Glory is our dad’s child from an affair. The news hit in the middle of filming for our seventh season. Mom didn’t scream or cry or fight. At least not in front of us.

She got a lawyer and quietly paid Glory’s mother off. The matter was never mentioned again. It was almost like Glory didn’t exist.

A few years later, Glory’s mother passed. The show was over and Heath suggested we take our sister in.

Our parents refused. It would mess up our ratings. The reality show was in talks to be picked up by Netflix. We’d be making bank for a long time. To dad, it wasn’t worth the harm to our net-worth or the punch to our family brand.

Heath adopted Glory and fumbled through learning how to be a dad. As her devoted uncle, I opened a bank account for her college fund, but Heath doesn’t allow me to do much more than that.

My hard-headed brother is too damn proud. Heath found the reality show absolutely disgusting and refuses to take a single penny from it. He only tolerates my cash because we’re close, but I know he’d prefer if I quit dealing with the Jameson affairs altogether and started working elsewhere.

Lucky for him, I’m not doing that any time soon.

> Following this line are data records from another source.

definition phi_plus :: "bool \<times> bool \<Rightarrow> complex" where
  "phi_plus = (\<lambda>(a1, a2). if a1 = a2 then complex_of_real (1 / sqrt 2) else 0)"

definition apply_IF :: "(bool \<Rightarrow> bool \<times> 'e::finite \<Rightarrow> complex) \<Rightarrow> (bool \<times> bool \<Rightarrow> complex)
    \<Rightarrow> bool \<times> bool \<times> 'e \<Rightarrow> complex" where
  "apply_IF F \<phi> = (\<lambda>(a1, a2, x). \<Sum>t\<in>UNIV. \<phi> (a1, t) * F t (a2, x))"

definition tensor_B0 :: "(bool \<times> bool \<times> 'e \<Rightarrow> complex) \<Rightarrow> bool \<times> bool \<times> bool \<times> 'e \<Rightarrow> complex" where
  "tensor_B0 \<psi> = (\<lambda>(a1, a2, b, x). if b then 0 else \<psi> (a1, a2, x))"

definition cnot_A2B :: "(bool \<times> bool \<times> bool \<times> 'e \<Rightarrow> complex) \<Rightarrow> bool \<times> bool \<times> bool \<times> 'e \<Rightarrow> complex" where
  "cnot_A2B \<psi> = (\<lambda>(a1, a2, b, x). \<psi> (a1, a2, b \<noteq> a2, x))"

definition apply_U_A2E :: "(bool \<times> 'e::finite \<Rightarrow> bool \<times> 'e \<Rightarrow> complex)
    \<Rightarrow> (bool \<times> bool \<times> bool \<times> 'e \<Rightarrow> complex) \<Rightarrow> bool \<times> bool \<times> bool \<times> 'e \<Rightarrow> complex" where
  "apply_U_A2E U \<psi> = (\<lambda>(a1, a2, b, x). \<Sum>(a2', x')\<in>UNIV. U (a2, x) (a2', x') * \<psi> (a1, a2', b, x'))"

datatype mode = Reflect | MeasureResend

definition bob_op :: "mode \<Rightarrow> (bool \<times> bool \<times> bool \<times> 'e \<Rightarrow> complex) \<Rightarrow> bool \<times> bool \<times> bool \<times> 'e \<Rightarrow> complex" where
  "bob_op m = (case m of Reflect \<Rightarrow> id | MeasureResend \<Rightarrow> cnot_A2B)"

definition sqkd_final ::
  "real \<Rightarrow> real \<Rightarrow> complex \<Rightarrow> complex \<Rightarrow> (bool \<times> 'e::finite \<Rightarrow> bool \<times> 'e \<Rightarrow> complex)
    \<Rightarrow> ('e \<Rightarrow> complex) \<Rightarrow> ('e \<Rightarrow> complex) \<Rightarrow> mode \<Rightarrow> bool \<times> bool \<times> bool \<times> 'e \<Rightarrow> complex" where
  "sqkd_final q0 q1 \<eta>0 \<eta>1 U e0 e1 m =
     apply_U_A2E U (bob_op m (tensor_B0 (apply_IF (fwd q0 q1 \<eta>0 \<eta>1 e0 e1) phi_plus)))"

text \<open>Images of |00> and |11> under \<open>Rw\<close> (states on A1 A2 E).  When a denominator
  vanishes the image is the given vector \<open>w0\<close> resp. \<open>w1\<close>.\<close>
definition Rw00 :: "real \<Rightarrow> real \<Rightarrow> complex \<Rightarrow> ('e \<Rightarrow> complex) \<Rightarrow> ('e \<Rightarrow> complex)
    \<Rightarrow> (bool \<times> bool \<times> 'e \<Rightarrow> complex) \<Rightarrow> bool \<times> bool \<times> 'e \<Rightarrow> complex" where
  "Rw00 q0 q1 \<eta>1 e0 e1 w0 =
     (if sqrt (1 - q1\<^sup>2 + q0\<^sup>2) = 0 then w0 else
      (\<lambda>(a1, a2, x). (if a2 then 0
          else if \<not> a1 then complex_of_real q0 * e0 x
          else complex_of_real (sqrt (1 - q1\<^sup>2)) * ket_ef \<eta>1 e0 e1 x)
        / complex_of_real (sqrt (1 - q1\<^sup>2 + q0\<^sup>2))))"

definition Rw11 :: "real \<Rightarrow> real \<Rightarrow> complex \<Rightarrow> ('e \<Rightarrow> complex) \<Rightarrow> ('e \<Rightarrow> complex)
    \<Rightarrow> (bool \<times> bool \<times> 'e \<Rightarrow> complex) \<Rightarrow> bool \<times> bool \<times> 'e \<Rightarrow> complex" where
  "Rw11 q0 q1 \<eta>0 e0 e1 w1 =
     (if sqrt (1 - q0\<^sup>2 + q1\<^sup>2) = 0 then w1 else
      (\<lambda>(a1, a2, x). (if \<not> a2 then 0
          else if \<not> a1 then complex_of_real (sqrt (1 - q0\<^sup>2)) * ket_ef \<eta>0 e0 e1 x
          else complex_of_real q1 * e0 x)
        / complex_of_real (sqrt (1 - q0\<^sup>2 + q1\<^sup>2))))"

definition rw_map :: "(bool \<times> bool \<times> 'e \<Rightarrow> complex) \<Rightarrow> (bool \<times> bool \<times> 'e \<Rightarrow> complex)
    \<Rightarrow> complex \<Rightarrow> complex \<Rightarrow> bool \<times> bool \<times> 'e \<Rightarrow> complex" where
  "rw_map R00 R11 \<alpha> \<beta> = (\<lambda>v. \<alpha> * R00 v + \<beta> * R11 v)"

definition isometry_on_span :: "(bool \<times> bool \<times> 'e::finite \<Rightarrow> complex) \<Rightarrow> (bool \<times> bool \<times> 'e \<Rightarrow> complex) \<Rightarrow> bool" where
  "isometry_on_span R00 R11 \<longleftrightarrow>
     (\<forall>\<alpha> \<beta>. cinner (rw_map R00 R11 \<alpha> \<beta>) (rw_map R00 R11 \<alpha> \<beta>)
               = complex_of_real ((cmod \<alpha>)\<^sup>2 + (cmod \<beta>)\<^sup>2))"

text \<open>\<open>Rw\<close> applied to A1 A2 of a state on A1 A2 B whose A1 A2 part lies in
  span{|00>,|11>}, giving a state on A1 A2 B E.\<close>
definition apply_Rw :: "(bool \<times> bool \<times> 'e \<Rightarrow> complex) \<Rightarrow> (bool \<times> bool \<times> 'e \<Rightarrow> complex)
    \<Rightarrow> (bool \<times> bool \<times> bool \<Rightarrow> complex) \<Rightarrow> bool \<times> bool \<times> bool \<times> 'e \<Rightarrow> complex" where
  "apply_Rw R00 R11 \<phi> = (\<lambda>(a1, a2, b, x).
     \<phi> (False, False, b) * R00 (a1, a2, x) + \<phi> (True, True, b) * R11 (a1, a2, x))"

definition bob_prep :: "real \<Rightarrow> real \<Rightarrow> mode \<Rightarrow> bool \<times> bool \<times> bool \<Rightarrow> complex" where
  "bob_prep p0 p1 m = (\<lambda>v.
     if v = (False, False, False) then complex_of_real (sqrt p0)
     else if v = (True, True, m = MeasureResend) then complex_of_real (sqrt p1)
     else 0)"
lemma coord_a_op_v:
  assumes j: "j \<in> J" and j': "j' \<in> Istar"
  shows "coord j (a\<^sub>\<alpha> (v j')) =
    (if j' = j then of_nat (card (stabilizer G \<phi> j)) / of_nat (card (carrier G)) else 0)"
proof -
  interpret coord: Vector_Spaces.linear scale "(*)" "coord j" by (rule coord_linear)
  have jI: "j \<in> I" and j'I: "j' \<in> I" using j j' Istar_sub by auto
  have summand: "\<alpha> h * coord j (act h (v j')) = (if j' = j \<and> h \<in> stabilizer G \<phi> j then 1 else 0)"
    if h: "h \<in> carrier G" for h
  proof (cases "\<phi> h j' = j")
    case True
    then have "j' = j" using representative_unique[OF j' _ h] j by blast
    then have "h \<in> stabilizer G \<phi> j" using True h by (simp add: stabilizer_def)
    then have "\<gamma> j h = inverse (\<alpha> h)" using j by (auto simp: I_set_def)
    then show ?thesis
      using True \<open>j' = j\<close> \<open>h \<in> stabilizer G \<phi> j\<close> h jI character_nonzero[OF h]
      by (simp add: coord_act_v)
  next
    case False
    then show ?thesis using h jI j'I by (auto simp: coord_act_v stabilizer_def)
  qed
  have "coord j (a\<^sub>\<alpha> (v j')) =
      inverse (of_nat (card (carrier G))) * (\<Sum>h\<in>carrier G. \<alpha> h * coord j (act h (v j')))"
    by (simp add: a_op_def coord.scale vs.linear_functional_sum_scale[OF coord_linear])
  also have "(\<Sum>h\<in>carrier G. \<alpha> h * coord j (act h (v j'))) =
      (\<Sum>h\<in>carrier G. if j' = j \<and> h \<in> stabilizer G \<phi> j then 1 else 0)"
    using summand by (rule sum.cong[OF refl])
  also have "\<dots> = (if j' = j then of_nat (card (stabilizer G \<phi> j)) else 0)"
    using finite_carrier stabilizer_subset by (simp add: sum.If_cases Int_absorb1)
  finally show ?thesis by (simp add: field_simps)
qed

lemma a_op_v_independent:
  assumes S: "finite S" "S \<subseteq> J" and sum: "(\<Sum>j\<in>S. c j *s a\<^sub>\<alpha> (v j)) = 0"
  shows "\<forall>j\<in>S. c j = 0"
proof
  fix j assume "j \<in> S"
  show "c j = 0"
  proof (rule vs.coefficient_eq_0_by_functional[OF coord_linear S(1) \<open>j \<in> S\<close> sum])
    have jI: "j \<in> I" using \<open>j \<in> S\<close> S Istar_sub by auto
    have "finite (stabilizer G \<phi> j)" using finite_carrier stabilizer_subset finite_subset by blast
    moreover have "\<one> \<in> stabilizer G \<phi> j" using stabilizer_one_closed[OF jI] .
    ultimately have "card (stabilizer G \<phi> j) \<noteq> 0" by (auto simp: card_eq_0_iff)
    moreover have "j \<in> J" using \<open>j \<in> S\<close> S by blast
    ultimately show "coord j (a\<^sub>\<alpha> (v j)) \<noteq> 0"
      using coord_a_op_v Istar_sub of_nat_card_carrier_nonzero by simp
  next
    fix j' assume "j' \<in> S" "j' \<noteq> j"
    moreover have "j \<in> J" "j' \<in> Istar" using \<open>j \<in> S\<close> \<open>j' \<in> S\<close> S by blast+
    ultimately show "c j' * coord j (a\<^sub>\<alpha> (v j')) = 0"
      using coord_a_op_v by simp
  qed
qed
lemma poisson_prob_atMost_le:
  assumes "1 \<le> L" and "real L \<le> lam"
  shows "measure_pmf.prob (poisson_pmf lam) {..L} \<le> exp (- lam) * (exp 1 * lam / real L) ^ L"
proof -
  have lam: "0 < lam" and L: "0 < real L"
    using assms by auto
  have "measure_pmf.prob (poisson_pmf lam) {..L} = (\<Sum>j\<le>L. lam ^ j / fact j) * exp (- lam)"
    using lam by (simp add: measure_measure_pmf_finite sum_distrib_right)
  also have "(\<Sum>j\<le>L. lam ^ j / fact j) \<le> (lam / L) ^ L * (\<Sum>j\<le>L. real L ^ j / fact j)"
    unfolding sum_distrib_left
  proof (rule sum_mono)
    fix j assume "j \<in> {..L}"
    have "lam ^ j = (lam / L) ^ j * real L ^ j"
      using L by (simp add: power_mult_distrib[symmetric])
    also have "\<dots> \<le> (lam / L) ^ L * real L ^ j"
      using \<open>j \<in> {..L}\<close> assms L by (intro mult_right_mono power_increasing) auto
    finally show "lam ^ j / fact j \<le> (lam / L) ^ L * (real L ^ j / fact j)"
      by (simp add: divide_right_mono)
  qed
  also have "\<dots> \<le> (lam / L) ^ L * exp (real L)"
    using lam L by (intro mult_left_mono exp_partial_sum_le) auto
  finally have "measure_pmf.prob (poisson_pmf lam) {..L} \<le> (lam / L) ^ L * exp (real L) * exp (- lam)"
    by (simp add: mult_right_mono)
  also have "\<dots> = exp (- lam) * (exp 1 * lam / real L) ^ L"
  proof -
    have "exp (real L) = exp 1 ^ L"
      using exp_of_nat_mult[of L 1] by simp
    moreover have "(exp 1 * lam / real L) ^ L = exp 1 ^ L * (lam / L) ^ L"
      by (simp add: power_mult_distrib[symmetric] mult.assoc)
    ultimately show ?thesis
      by simp
  qed
  finally show ?thesis .
qed
lemma place2_CX_01_conj_ctrl_if:
  "place2 CX_gate 0 1 * place2 CX_gate 0 1 * ctrl_if \<phi> V * place2 CX_gate 0 1
    = ctrl_if (\<lambda>a b. \<phi> a ((a + b) mod 3)) V"
proof (rule eq_matI)
  fix r c assume "r < dim_row (ctrl_if (\<lambda>a b. \<phi> a ((a + b) mod 3)) V)"
    "c < dim_col (ctrl_if (\<lambda>a b. \<phi> a ((a + b) mod 3)) V)"
  then have rc: "r < 27" "c < 27"
    by (simp_all add: ctrl_if_def)
  have "(trit r 0 + trit r 1) mod 3 = (trit r 0 + trit c 1) mod 3 \<longleftrightarrow> trit r 1 = trit c 1"
    by (rule add_mod_cancel_left[OF trit_lt trit_lt])
  then show "(place2 CX_gate 0 1 * place2 CX_gate 0 1 * ctrl_if \<phi> V * place2 CX_gate 0 1) $$ (r, c)
      = ctrl_if (\<lambda>a b. \<phi> a ((a + b) mod 3)) V $$ (r, c)"
    unfolding place2_CX_01_conj_index[OF ctrl_if_carrier rc]
    unfolding ctrl_if_def index_mat(1)[OF cx_shear_lt cx_shear_lt] index_mat(1)[OF rc] prod.case trit_cx_shear
    by auto
qed (simp_all add: place2_def ctrl_if_def)

lemma ctrl_if_emulates_CC:
  assumes em: "emulates 1 V' V"
    and \<phi>: "\<And>a b. a < 2 \<Longrightarrow> b < 2 \<Longrightarrow> \<phi> a b \<longleftrightarrow> a = 1 \<and> b = 1"
  shows "emulates 3 (ctrl_if \<phi> V') (CC_gate V)"
  unfolding emulates_def
proof (intro conjI allI impI)
  show "ctrl_if \<phi> V' \<in> carrier_mat (3 ^ 3) (3 ^ 3)"
    using ctrl_if_carrier by simp
  show "CC_gate V \<in> carrier_mat (2 ^ 3) (2 ^ 3)"
    by (simp add: CC_gate_def)
  have two_pow_3: "(2::nat) ^ 3 = 8"
    by simp
  fix i r :: nat
  assume "i < 2 ^ 3" "r < 3 ^ 3"
  then have "i < 8" "r < 27"
    by simp_all
  obtain x y z where bits: "x < 2" "y < 2" "z < 2" and i: "i = 4 * x + 2 * y + z"
    using bits3_cases[OF \<open>i < 8\<close>] .
  obtain a b d where digits: "a < 3" "b < 3" "d < 3" and r: "r = 9 * a + 3 * b + d"
    using trits3_cases[OF \<open>r < 27\<close>] .
  have "ctrl_if \<phi> V' $$ (r, q2t 3 i) =
      (if a = x \<and> b = y then (if \<phi> x y then V' $$ (d, z) else if d = z then 1 else 0) else 0)"
    unfolding i q2t_3_bits[OF bits] r using digits bits by (simp add: ctrl_if_index)
  also have "\<dots> = (if a < 2 \<and> b < 2 \<and> d < 2 then CC_gate V $$ (4 * a + 2 * b + d, i) else 0)"
    unfolding i using emulates_1_index[OF em digits(3) bits(3)] CC_gate_index bits \<phi>[OF bits(1,2)]
    by auto
  also have "\<dots> = (\<Sum>j<2 ^ 3. if q2t 3 j = r then CC_gate V $$ (j, i) else 0)"
    unfolding r two_pow_3 sum_q2t_3[OF digits] ..
  finally show "ctrl_if \<phi> V' $$ (r, q2t 3 i) = (\<Sum>j<2 ^ 3. if q2t 3 j = r then CC_gate V $$ (j, i) else 0)" .
qed

lemma clifford3_place2_CX_01: "clifford3 (place2 CX_gate 0 1)"
  using clifford3.CX[OF clifford3.id, of 0 1] place2_CX_01_carrier by simp

lemma clifford3_place2_CX_01_squared: "clifford3 (place2 CX_gate 0 1 * place2 CX_gate 0 1)"
  using clifford3.CX[OF clifford3_place2_CX_01, of 0 1] by simp

theorem mainTheorem3:
  fixes U U' :: "complex mat"
  assumes "unitary_mat 2 U"
    and "unitary_mat 3 U'"
    and "emulates 1 U' U"
  shows "\<exists>C1 C2 p q. clifford3 C1 \<and> clifford3 C2 \<and> p < 3 \<and> q < 3 \<and> p \<noteq> q \<and>
           emulates 3 (C2 * place2 (ctrl2 U') p q * C1) (CC_gate U)"
proof -
  let ?P = "place2 CX_gate 0 1"
  have "?P * ?P * place2 (ctrl2 U') 1 2 * ?P = ctrl_if (\<lambda>a b. (a + b) mod 3 = 2) U'"
    unfolding place2_ctrl2_12 place2_CX_01_conj_ctrl_if ..
  moreover have "emulates 3 (ctrl_if (\<lambda>a b. (a + b) mod 3 = 2) U') (CC_gate U)"
    using assms(3) by (rule ctrl_if_emulates_CC) (auto simp: less_2_cases_iff)
  ultimately have "emulates 3 (?P * ?P * place2 (ctrl2 U') 1 2 * ?P) (CC_gate U)"
    by simp
  then show ?thesis
    using clifford3_place2_CX_01 clifford3_place2_CX_01_squared
    by (intro exI[of _ ?P] exI[of _ "?P * ?P"] exI[of _ "1::nat"] exI[of _ "2::nat"]) simp
qed

end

Glory can’t live on principles and pride. Heath might say he doesn’t need my help, but I know it could go a long way. Especially with Glory’s illness. She’s been in and out of the hospital since she was a baby.

“How is my little princess?” I ask.

“Growing up way too fast.” Heath shakes his head. “Last week, she asked me when I was getting married.”

“When are you getting married?” I smirk.

My brother chuckles. “Not before you, bro.”

“Changing the subject?”

“You have the perfect girl already.” Heath grins.

As if summoned, my phone lights up.

Heath arches a thick eyebrow that her?

“None of your business.”

“Don’t ignore Kae on my account.” He drops into the chair across from my desk and kicks up his boots.

As I watch him, it strikes me again that he’s the ‘real’ heir to the Jameson fortune. If he hadn’t rebelled, if he didn’t have such strict standards, he would be sitting where I am.

I should hate him. The Jameson blood running through his veins should scare me, should make me scramble to protect what my parents grudgingly gave.